The Avalanche That Stripped the Mountain Bare
In February 2019, a backcountry guide named Erik Holsen was leading a group near Rogers Pass in British Columbia when they heard what he later described as "a sound like the earth clearing its throat." Across the valley, an avalanche broke loose from a ridgeline and began its descent. Thousands of tons of snow swept down the mountainside, snapping mature spruce trees like matchsticks, peeling bark from trunks, and scouring every living thing from the slope. The roar echoed off the surrounding peaks until it seemed to come from everywhere at once. His clients stood motionless, some weeping, unable to look away.
When it was over — and it lasted less than ninety seconds — the mountain stood utterly changed. What had been a dense forest was now bare stone and white silence. Erik said the quiet afterward was almost more overwhelming than the noise. "You realize," he told a reporter, "that the mountain didn't even notice."

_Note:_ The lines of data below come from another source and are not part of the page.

lemma mi_count_insert:
  assumes "finite S" "i \<notin> S"
  shows "mi_count \<sigma> (insert i S) = (mi_count \<sigma> S)(\<sigma> i := Suc (mi_count \<sigma> S (\<sigma> i)))"
proof
  fix j
  have "{k\<in>insert i S. \<sigma> k = j} = (if \<sigma> i = j then insert i {k\<in>S. \<sigma> k = j} else {k\<in>S. \<sigma> k = j})"
    by auto
  then show "mi_count \<sigma> (insert i S) j = ((mi_count \<sigma> S)(\<sigma> i := Suc (mi_count \<sigma> S (\<sigma> i)))) j"
    using assms by (simp add: mi_count_def)
qed

lemma mi_count_cong: "(\<And>i. i \<in> S \<Longrightarrow> \<sigma> i = \<tau> i) \<Longrightarrow> mi_count \<sigma> S = mi_count \<tau> S"
  unfolding mi_count_def by (intro ext arg_cong[where f=card]) auto

lemma mi_count_Fidx:
  assumes "finite S"
  shows "mi_count \<sigma> S \<in> Fidx"
proof -
  have "{j. mi_count \<sigma> S j \<noteq> 0} \<subseteq> \<sigma> ` S"
    by (auto simp: mi_count_def card_gt_0_iff)
  then show ?thesis
    unfolding Fidx_def using assms finite_subset by blast
qed

lemma mi_abs_mi_count: "finite S \<Longrightarrow> mi_abs (mi_count \<sigma> S) = card S"
proof (induction S rule: finite_induct)
  case empty
  then show ?case by (simp add: mi_abs_def)
next
  case (insert i S)
  then show ?case by (simp add: mi_count_insert mi_abs_inc mi_count_Fidx del: fun_upd_apply)
qed

lemma mi_pow_mi_count: "finite S \<Longrightarrow> mi_pow b (mi_count \<sigma> S) = (\<Prod>i\<in>S. b (\<sigma> i))"
proof (induction S rule: finite_induct)
  case empty
  then show ?case by (simp add: mi_pow_def)
next
  case (insert i S)
  then show ?case by (simp add: mi_count_insert mi_pow_inc mi_count_Fidx del: fun_upd_apply)
qed

lemma sum_Pow_insert:
  assumes "finite A" "k \<notin> A"
  shows "sum F (Pow (insert k A)) = sum F (Pow A) + (\<Sum>S\<in>Pow A. F (insert k S))"
proof -
  have "inj_on (insert k) (Pow A)"
    using assms(2) by (intro inj_onI) (metis Diff_insert_absorb PowD subset_iff)
  moreover have "Pow A \<inter> insert k ` Pow A = {}" using assms(2) by auto
  ultimately show ?thesis
    using assms(1) by (simp add: Pow_insert sum.union_disjoint sum.reindex)
qed

lemma sum_Pow_insert_mi_count:
  assumes A: "finite A" "k \<notin> A"
  shows "(\<Sum>S\<in>Pow (insert k A). G (mi_count (\<sigma>(k := J)) S) (mi_count (\<sigma>(k := J)) (insert k A - S)))
    = (\<Sum>S\<in>Pow A. G ((mi_count \<sigma> S)(J := Suc (mi_count \<sigma> S J))) (mi_count \<sigma> (A - S))
                  + G (mi_count \<sigma> S) ((mi_count \<sigma> (A - S))(J := Suc (mi_count \<sigma> (A - S) J))))"
proof -
  have old: "mi_count (\<sigma>(k := J)) T = mi_count \<sigma> T" if "T \<subseteq> A" for T
    using that A(2) by (intro mi_count_cong) auto
  have new: "mi_count (\<sigma>(k := J)) (insert k T) = (mi_count \<sigma> T)(J := Suc (mi_count \<sigma> T J))"
    if "T \<subseteq> A" for T
  proof -
    have "finite T" "k \<notin> T" using that A finite_subset by auto
    then show ?thesis unfolding mi_count_insert[OF \<open>finite T\<close> \<open>k \<notin> T\<close>] old[OF that] by simp
  qed
  have "sum (\<lambda>S. G (mi_count (\<sigma>(k := J)) S) (mi_count (\<sigma>(k := J)) (insert k A - S))) (Pow A)
      = (\<Sum>S\<in>Pow A. G (mi_count \<sigma> S) ((mi_count \<sigma> (A - S))(J := Suc (mi_count \<sigma> (A - S) J))))"
  proof (rule sum.cong[OF refl])
    fix S assume "S \<in> Pow A"
    moreover have "insert k A - S = insert k (A - S)" using \<open>S \<in> Pow A\<close> A(2) by auto
    ultimately show "G (mi_count (\<sigma>(k := J)) S) (mi_count (\<sigma>(k := J)) (insert k A - S))
        = G (mi_count \<sigma> S) ((mi_count \<sigma> (A - S))(J := Suc (mi_count \<sigma> (A - S) J)))"
      by (simp add: old new)
  qed
  moreover have "(\<Sum>S\<in>Pow A. G (mi_count (\<sigma>(k := J)) (insert k S)) (mi_count (\<sigma>(k := J)) (insert k A - insert k S)))
      = (\<Sum>S\<in>Pow A. G ((mi_count \<sigma> S)(J := Suc (mi_count \<sigma> S J))) (mi_count \<sigma> (A - S)))"
  proof (rule sum.cong[OF refl])
    fix S assume "S \<in> Pow A"
    moreover have "insert k A - insert k S = A - S" using \<open>S \<in> Pow A\<close> A(2) by auto
    ultimately show "G (mi_count (\<sigma>(k := J)) (insert k S)) (mi_count (\<sigma>(k := J)) (insert k A - insert k S))
        = G ((mi_count \<sigma> S)(J := Suc (mi_count \<sigma> S J))) (mi_count \<sigma> (A - S))"
      by (simp add: old new)
  qed
  ultimately show ?thesis
    unfolding sum_Pow_insert[OF A] sum.distrib by (simp only: add.commute)
qed

lemma sum_Pow_fact:
  assumes "finite A"
  shows "(\<Sum>S\<in>Pow A. fact (card S) * fact (card A - card S) :: real) = fact (Suc (card A))"
proof -
  let ?n = "card A"
  have "(\<Sum>S\<in>Pow A. fact (card S) * fact (?n - card S) :: real)
      = (\<Sum>k\<le>?n. \<Sum>S\<in>{S\<in>Pow A. card S = k}. fact (card S) * fact (?n - card S))"
    by (rule sum.group[symmetric]) (auto simp: assms card_mono)
  also have "\<dots> = (\<Sum>k\<le>?n. real (?n choose k) * (fact k * fact (?n - k)))"
  proof (rule sum.cong[OF refl])
    fix k
    have "{S\<in>Pow A. card S = k} = {S. S \<subseteq> A \<and> card S = k}" by auto
    then show "(\<Sum>S\<in>{S\<in>Pow A. card S = k}. fact (card S) * fact (?n - card S))
        = real (?n choose k) * (fact k * fact (?n - k))"
      using n_subsets[OF assms] by simp
  qed
  also have "\<dots> = (\<Sum>k\<le>?n. fact ?n)"
  proof (rule sum.cong[OF refl])
    fix k assume "k \<in> {..?n}"
    then have "fact k * fact (?n - k) * (?n choose k) = (fact ?n :: nat)"
      by (simp add: binomial_fact_lemma)
    then show "real (?n choose k) * (fact k * fact (?n - k)) = fact ?n"
      by (metis (mono_tags, lifting) mult.commute of_nat_fact of_nat_mult)
  qed
  also have "\<dots> = fact (Suc ?n)" by (simp add: algebra_simps)
  finally show ?thesis .
qed

lemma mixed_deriv_zero [simp]: "mixed_deriv (\<lambda>_. 0) F = F"
  by (simp add: mixed_deriv_def)

lemma sorted_list_of_set_insert_greatest:
  fixes J :: "'a::linorder"
  assumes "finite A" "\<And>a. a \<in> A \<Longrightarrow> a < J"
  shows "sorted_list_of_set (insert J A) = sorted_list_of_set A @ [J]"
proof -
  have "J \<notin> A" using assms(2) by blast
  then have "length (sorted_list_of_set A @ [J]) = card (insert J A)"
    using assms(1) by simp
  moreover have "sorted_wrt (<) (sorted_list_of_set A @ [J])"
    using assms by (simp add: sorted_wrt_append strict_sorted_list_of_set)
  moreover have "set (sorted_list_of_set A @ [J]) = insert J A" using assms(1) by simp
  ultimately show ?thesis
    using sorted_list_of_set_unique[of "insert J A"] assms(1) by blast
qed

lemma mixed_deriv_split_greatest:
  assumes "\<nu> \<in> Fidx" "\<And>j. \<nu> j \<noteq> 0 \<Longrightarrow> j \<le> J"
  shows "mixed_deriv \<nu> F
    = (pdiff J ^^ \<nu> J) (fold (\<lambda>j G. (pdiff j ^^ \<nu> j) G) (sorted_list_of_set ({j. \<nu> j \<noteq> 0} - {J})) F)"
proof (cases "\<nu> J = 0")
  case True
  then have "{j. \<nu> j \<noteq> 0} - {J} = {j. \<nu> j \<noteq> 0}" by auto
  with True show ?thesis by (simp add: mixed_deriv_def)
next
  case False
  have "finite ({j. \<nu> j \<noteq> 0} - {J})" using assms(1) by (simp add: Fidx_def)
  moreover have "{j. \<nu> j \<noteq> 0} = insert J ({j. \<nu> j \<noteq> 0} - {J})" using False by auto
  ultimately have "sorted_list_of_set {j. \<nu> j \<noteq> 0} = sorted_list_of_set ({j. \<nu> j \<noteq> 0} - {J}) @ [J]"
    using assms(2) sorted_list_of_set_insert_greatest by (metis (mono_tags) Diff_iff le_neq_trans mem_Collect_eq singletonI)
  then show ?thesis by (simp add: mixed_deriv_def)
qed

lemma mixed_deriv_inc_greatest:
  assumes "\<nu> \<in> Fidx" "\<And>j. \<nu> j \<noteq> 0 \<Longrightarrow> j \<le> J"
  shows "mixed_deriv (\<nu>(J := Suc (\<nu> J))) F = pdiff J (mixed_deriv \<nu> F)"
proof -
  let ?\<mu> = "\<nu>(J := Suc (\<nu> J))"
  let ?L = "sorted_list_of_set ({j. \<nu> j \<noteq> 0} - {J})"
  have supp: "{j. ?\<mu> j \<noteq> 0} - {J} = {j. \<nu> j \<noteq> 0} - {J}" by auto
  have "fold (\<lambda>j G. (pdiff j ^^ ?\<mu> j) G) ?L F = fold (\<lambda>j G. (pdiff j ^^ \<nu> j) G) ?L F"
    using assms(1) by (intro fold_cong) (auto simp: Fidx_def)
  moreover have "mixed_deriv ?\<mu> F
      = (pdiff J ^^ ?\<mu> J) (fold (\<lambda>j G. (pdiff j ^^ ?\<mu> j) G) (sorted_list_of_set ({j. ?\<mu> j \<noteq> 0} - {J})) F)"
    by (rule mixed_deriv_split_greatest) (use assms in \<open>auto simp: Fidx_inc split: if_splits\<close>)
  ultimately show ?thesis
    unfolding supp using mixed_deriv_split_greatest[OF assms, of F] by simp
qed
(* Let $\alpha$ be an ordinal and let $\mathcal{X},\mathcal{Y}$ be families of metric spaces with $\mathcal{X},\mathcal{Y}\in\mathfrak{C}_\alpha$. Then $\mathcal{X}\otimes\mathcal{Y}\in\mathfrak{C}_\alpha$.
   Context: $\mathcal{X}\otimes\mathcal{Y}=\{X\times Y\colon X\in\mathcal{X},Y\in\mathcal{Y}\}$, where $X\times Y$ carries the metric $d((x,y),(x',y'))=\sqrt{d_X(x,x')^2+d_Y(y,y')^2}$. A family $\mathcal{U}$ of metric subspaces of a metric space $(X,d)$ is $r$-disjoint if $d(x,y)>r$ whenever $x\in U$, $y\in U'$, $U\neq U'$ in $\mathcal{U}$. For families $\mathcal{X},\mathcal{Y}$ and $R\in\mathbb{R}^{\mathbb{N}}$, $\mathcal{X}\xrightarrow{R}\mathcal{Y}$ means: there is an integer $k$ such that for each $X\in\mathcal{X}$ there are subcollections $\mathcal{U}_1,\dots,\mathcal{U}_k\subseteq\mathcal{Y}$ of subspaces of $X$, each $\mathcal{U}_i$ being $R_i$-disjoint, with $\bigcup_i\mathcal{U}_i$ covering $X$. A family is bounded if the diameters of its members are uniformly bounded. $\mathfrak{C}_0$ is the class of bounded families; for an ordinal $\alpha>0$, $\mathfrak{C}_\alpha$ is the class of families $\mathcal{X}$ such that for every $R\in\mathbb{R}^{\mathbb{N}}$ there exist $\beta<\alpha$ and $\mathcal{Y}\in\mathfrak{C}_\beta$ with $\mathcal{X}\xrightarrow{R}\mathcal{Y}$. *)

theory Defs
  imports "HOL-Analysis.Analysis"
begin

text \<open>A metric space is an element of the library type 'a metric; a family of
metric spaces is a set of them.  Ordinals are elements of an arbitrary
well-ordered type.\<close>

definition metric_tensor :: "'a metric set \<Rightarrow> 'b metric set \<Rightarrow> ('a \<times> 'b) metric set" where
  "metric_tensor XX YY = {prod_metric X Y | X Y. X \<in> XX \<and> Y \<in> YY}"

Psalm 29 gives us a God whose voice breaks the cedars, strips the forests bare, and makes the wilderness tremble. The Almighty speaks, and the landscape rearranges itself. Yet the same psalm that begins with earth-shaking power ends with a single word: peace. The voice that commands avalanches is the same voice that whispers over His people, "I am giving you strength. I am giving you rest." The God of the thunder is also the God of the silence that follows.